Eu, por outro lado, nunca me permiti ser domado. Errei, sim, muitas vezes. Mas sempre me exigi mais, sempre soube que o verdadeiro mérito vem do sacrifício. Aos treze anos, já estava no mercado de trabalho, e hoje, com a mesma fúria, continuo nele. Recordo-me vividamente de como a vida me ensinou o valor do esforço. Não eram galas que me prometiam sucesso, mas a promessa humilde da minha mãe: “Terás sandálias novas se tiveres boas notas”, ela dizia. E eu corria atrás desse prémio como se fosse a coisa mais importante do mundo. Hoje, é fundamental que os jovens envelheçam cedo para compreenderem o valor do verdadeiro palco e dos prémios com significado real.
As verdadeiras celebrações não aconteciam em salões de gala, mas em casa, ao redor de uma mesa, onde o respeito era forjado no calor do trabalho árduo, não nas luzes de um palco. Caminhávamos quilómetros em busca de água, carregávamos lenha, apanhávamos bosta de vaca para os campos. E, ainda assim, encontrávamos tempo para os estudos e para o desporto.

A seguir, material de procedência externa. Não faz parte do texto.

lemma Gen_least:
  assumes M: "belief_algebra W M" and "\<Omega> \<subseteq> M"
  shows "Gen W \<Omega> \<subseteq> M"
proof
  fix p assume "p \<in> Gen W \<Omega>"
  then show "p \<in> M"
  proof induction
    case (base p)
    then show ?case using assms(2) by blast
  next
    case (empty U)
    then show ?case using belief_algebra_empty_right_iff[OF M] by blast
  next
    case (mono U V U1 V1)
    then show ?case using belief_algebra_mono[OF M] by blast
  next
    case (inter U1 V1 U2 V2)
    then show ?case using belief_algebra_Int_Un[OF M] by blast
  qed
qed

lemma belief_algebra_Gen:
  assumes "belief_algebra W M" "\<Omega> \<subseteq> M"
  shows "belief_algebra W (Gen W \<Omega>)"
  by (rule belief_algebra_below[OF assms(1) Gen_least[OF assms] Gen.empty Gen.mono Gen.inter])

text \<open>Finiteness and nonemptiness of W are not needed: ranks are indices into the list \<Delta>.\<close>

theorem theorem2:
  fixes W :: "'a set" and \<Delta> :: "'a set list" and G1 G2 :: "('a set \<times> 'a set) set"
  assumes "finite W" and "W \<noteq> {}"
    and "G1 \<in> BA W \<Delta>" and "G2 \<in> BA W \<Delta>"
  shows "G1 \<inter> G2 \<in> BA W \<Delta> \<and>
         (belief_algebra W (Gen W (G1 \<union> G2)) \<and> Gen W (G1 \<union> G2) \<in> BA W \<Delta>)"
proof -
  have G1: "belief_algebra W G1" "is_backbone W G1 \<Delta>"
    and G2: "belief_algebra W G2" "is_backbone W G2 \<Delta>"
    using assms(3,4) unfolding BA_def by simp_all
  interpret ordered_partition W \<Delta> by (rule is_backbone_ordered_partition[OF G1(2)])
  have below_max: "G1 \<union> G2 \<subseteq> max_BA W \<Delta>"
    using backbone_subset_max_BA G1 G2 by blast
  have Gen_BA: "belief_algebra W (Gen W (G1 \<union> G2))"
    by (rule belief_algebra_Gen[OF belief_algebra_max_BA below_max])
  have "G1 \<subseteq> Gen W (G1 \<union> G2)"
    using belief_algebra_R_W[OF G1(1)] by (auto intro: Gen.base)
  then have "is_backbone W (Gen W (G1 \<union> G2)) \<Delta>"
    using is_backbone_below[OF is_backbone_max_BA Gen_least[OF belief_algebra_max_BA below_max]]
      is_backbone_chain[OF G1(2)] by blast
  with Gen_BA show ?thesis
    using belief_algebra_Int[OF G1(1) G2(1)] is_backbone_Int[OF G1(2) G2(2)]
    by (simp add: BA_def)
qed

end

O esforço era a nossa maior lição, e quem aprendeu a valorizar-se pelo suor do próprio trabalho não se rende facilmente ao facilitismo.
Hoje, assisto a uma geração sendo premiada sem ter sujado as mãos, sem ter construído nada concreto. Ser destacado sem mérito é ser empurrado para o abismo da mediocridade. Como bem observou Angela Davis, “não aceito mais as coisas que não posso mudar, estou mudando as coisas que não posso aceitar”. E é disso que precisamos – de coragem para rejeitar o que nos é dado sem merecimento, de força para traçar a nossa própria trajetória, com as mãos calejadas de tanto lutar.
Que esta geração compreenda que o verdadeiro reconhecimento não vem de palcos iluminados, mas das sombras, onde o esforço é moldado no silêncio. Que reconheçam que a grandeza não é concedida, mas conquistada. Como escreveu Mia Couto, “o mundo não se faz com o que sonhamos, mas com o que fazemos”. E é isso que nos falta – fazer. Deixar de lado os sonhos vazios e construir algo sólido, algo real. Que esta geração encontre em si mesma a força dos nossos anciãos, que enfrentaram a vida e seus desafios com a coragem que nos permitiu chegar até aqui. Nestes 100 anos de nascimento de Amílcar Cabral, peço que façam e se sintam Cabral por um dia ou pelos próximos 100 dias. Cansa, mas vale a pena – cada um no seu tempo.
Que façamos, portanto, a nossa parte.